Expect more tough pricing news for South Africa next week

 ·12 Apr 2024

Stats SA will publish South Africa’s latest consumer inflation figures next week (17 April), with economists expecting another tough month for anyone looking for pricing relief.

Inflation in February came in slightly higher than expectations at 5,.6%, moving in the opposite direction of the target (4.5%) set by the South African Reserve Bank (SARB).

The CPI print has been slowly ticking higher in 2024 and has been above the 5.0% YoY mark since September 2023.

For March, economists expect the rate to once again be above 5.0%, but slightly lower than in February, with Nedbank predicting a 5.5% landing.

“We forecast consumer inflation to edge to 5.5% after surprising at 5.6% in February from 5.3% (in January),” the bank said.
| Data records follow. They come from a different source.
text \<open>Slashing by a unit is a constant multiple of a complex-linear change of variables.\<close>
lemma holo3_slashEI:
  assumes h: "holo3 (\<lambda>p. \<psi> (fst p) (fst (snd p)) (snd (snd p))) upper3"
  shows "holo3 (\<lambda>p. slashEI k e \<psi> (fst p) (fst (snd p)) (snd (snd p))) upper3"
  unfolding holo3_def
proof
  fix x :: "complex \<times> complex \<times> complex" assume x: "x \<in> upper3"
  define L where "L = (\<lambda>p::complex \<times> complex \<times> complex. (fst p, e * fst (snd p), cnj e * snd (snd p)))"
  have L: "(L has_derivative L) (at x)"
    unfolding L_def by (auto intro!: derivative_eq_intros)
  have "L x \<in> upper3" using x by (simp add: L_def upper3_def)
  then obtain a b c where d: "((\<lambda>p. \<psi> (fst p) (fst (snd p)) (snd (snd p)))
      has_derivative (\<lambda>h. a * fst h + b * fst (snd h) + c * snd (snd h))) (at (L x))"
    using h unfolding holo3_def by blast
  have "((\<lambda>y. inverse (e ^ k) * \<psi> (fst (L y)) (fst (snd (L y))) (snd (snd (L y)))) has_derivative
      (\<lambda>h. inverse (e ^ k) * (a * fst (L h) + b * fst (snd (L h)) + c * snd (snd (L h))))) (at x)"
    using has_derivative_mult_right[OF diff_chain_at[OF L d]] by (simp add: o_def)
  then show "\<exists>a b c. ((\<lambda>p. slashEI k e \<psi> (fst p) (fst (snd p)) (snd (snd p)))
      has_derivative (\<lambda>h. a * fst h + b * fst (snd h) + c * snd (snd h))) (at x)"
    by (intro exI[of _ "inverse (e ^ k) * a"] exI[of _ "inverse (e ^ k) * b * e"]
        exI[of _ "inverse (e ^ k) * c * cnj e"])
      (simp add: slashEI_def L_def, erule has_derivative_eq_rhs, auto simp: algebra_simps)
qed

definition Pf :: "(complex \<Rightarrow> complex \<Rightarrow> complex) \<Rightarrow> (complex \<Rightarrow> complex \<Rightarrow> complex)
    \<Rightarrow> complex \<Rightarrow> complex \<Rightarrow> complex \<Rightarrow> complex" where
  "Pf \<phi>1 \<phi>2 = (\<lambda>t w1 w2. \<phi>1 t ((w1 + w2) / 2) * \<phi>2 t (\<i> * (w1 - w2) / 2))"
(* Let $n,d\ge1$, $p>d$, $\Delta\in\mathbb{R}^{nd\times nd}$ symmetric with $d\times d$ blocks, $\Delta_{ii}=0$, $Z^{\top}=[I_d,\dots,I_d]$, $A=ZZ^{\top}+\Delta$, $f(S)=\langle A,SS^{\top}\rangle$. Every second-order critical point $S$ of $f$ satisfies \[ (p-d)\|Z^{\top}S\|_F^2\ge(p-2d)n^2d+\|SS^{\top}\|_F^2\,d+\sum_{i=1}^n\sum_{j=1}^n\big(\|S_iS_j^{\top}\|_F^2-d\big)\mathrm{Tr}(\Delta_{ij})+(p-d)\langle\Delta,ZZ^{\top}-SS^{\top}\rangle. \]
   Context: $S\in\mathbb{R}^{nd\times p}$ has $d\times p$ blocks $S_i$ with $S_iS_i^{\top}=I_d$; $A_{ij}=I_d+\Delta_{ij}$; $\langle X,Y\rangle=\mathrm{Tr}(XY^{\top})$. $\Lambda_{ii}=\frac12\sum_j(S_iS_j^{\top}A_{ji}+A_{ij}S_jS_i^{\top})$; $T_{S_i}=\{Y\in\mathbb{R}^{d\times p}:S_iY^{\top}+YS_i^{\top}=0\}$. $S$ is a second-order critical point if $\sum_jA_{ij}S_j=\Lambda_{ii}S_i$ for all $i$ and $\sum_i\langle\Lambda_{ii},\dot S_i\dot S_i^{\top}\rangle\ge\sum_{i,j}\langle A_{ij},\dot S_i\dot S_j^{\top}\rangle$ for all $\dot S_i\in T_{S_i}$. *)

theory Defs
  imports "Jordan_Normal_Form.Matrix"
begin

definition mtrace :: "real mat \<Rightarrow> real" where
  "mtrace X = (\<Sum>k<dim_row X. X $$ (k, k))"

definition finner :: "real mat \<Rightarrow> real mat \<Rightarrow> real" where
  "finner X Y = mtrace (X * Y\<^sup>T)"

definition fnorm2 :: "real mat \<Rightarrow> real" where
  "fnorm2 X = finner X X"

definition rblock :: "nat \<Rightarrow> real mat \<Rightarrow> nat \<Rightarrow> real mat" where
  "rblock d S i = mat d (dim_col S) (\<lambda>(r, c). S $$ (i * d + r, c))"

definition dblock :: "nat \<Rightarrow> real mat \<Rightarrow> nat \<Rightarrow> nat \<Rightarrow> real mat" where
  "dblock d M i j = mat d d (\<lambda>(r, c). M $$ (i * d + r, j * d + c))"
In March, consumer prices are expected to have increased by 0.9%, continuing to be driven mainly by fuel prices.

The petrol price increased again by 5.2% mom in March following a 3.3% rise in February, with the rise reflecting the elevated price of Brent crude oil, which outweighed the effect of the modest appreciation of the rand/dollar exchange rate over the month.

“This pushed the yoy growth in the petrol price to around 6% from 5.5%,” Nedbank said.

The group said that March is a heavier survey month, with items such as actual rentals for housing, owners’ equivalent rent, electricity and other fuels, school and university fees, as well as local bus fares scheduled for the survey.

These will likely contribute to the monthly and annual price increases. However, it added that further moderation in food prices should help counter these increases.

Economists at the Bureau for Economic Research (BER) said that March’s inflation figure should come in lower than February, positing that February is also likely to be the peak rate for 2024 (with the caveat that inflation is unlikely to dip below 5.0% until the second half of the year).

“A hefty petrol price increase (in March) likely supported the m-o-m rate in the overall CPI. However, due to a higher base, headline CPI is expected to have moderated very slightly,” the BER said.

Investec chief economist Annabel Bishop said that South Africa is currently facing inflationary pressure on several fronts, including fuel prices, food prices and taxes – and while the March print is likely to be lower than some projections, the SARB is still likely to view it as unfavourable.

This is key to prospects for interest rate cuts in South Africa this year, with the growing narrative being that they will remain higher for longer – with some even betting that the cutting cycle will not happen in 2024 at all.

“March will also see some pressure from sin tax increases in the budget as the prices of alcohol and tobacco products rose – although there is a slight statistical base effect which will exert some, although not much, downwards pressure,” Bishop said.

“Looking forward, the risks are tilted to the upside for inflation for the year as a whole, from both food and fuel prices for SA. Underlying inflationary pressures have strengthened, all of which support the delay in SA’s interest rate cut cycle.”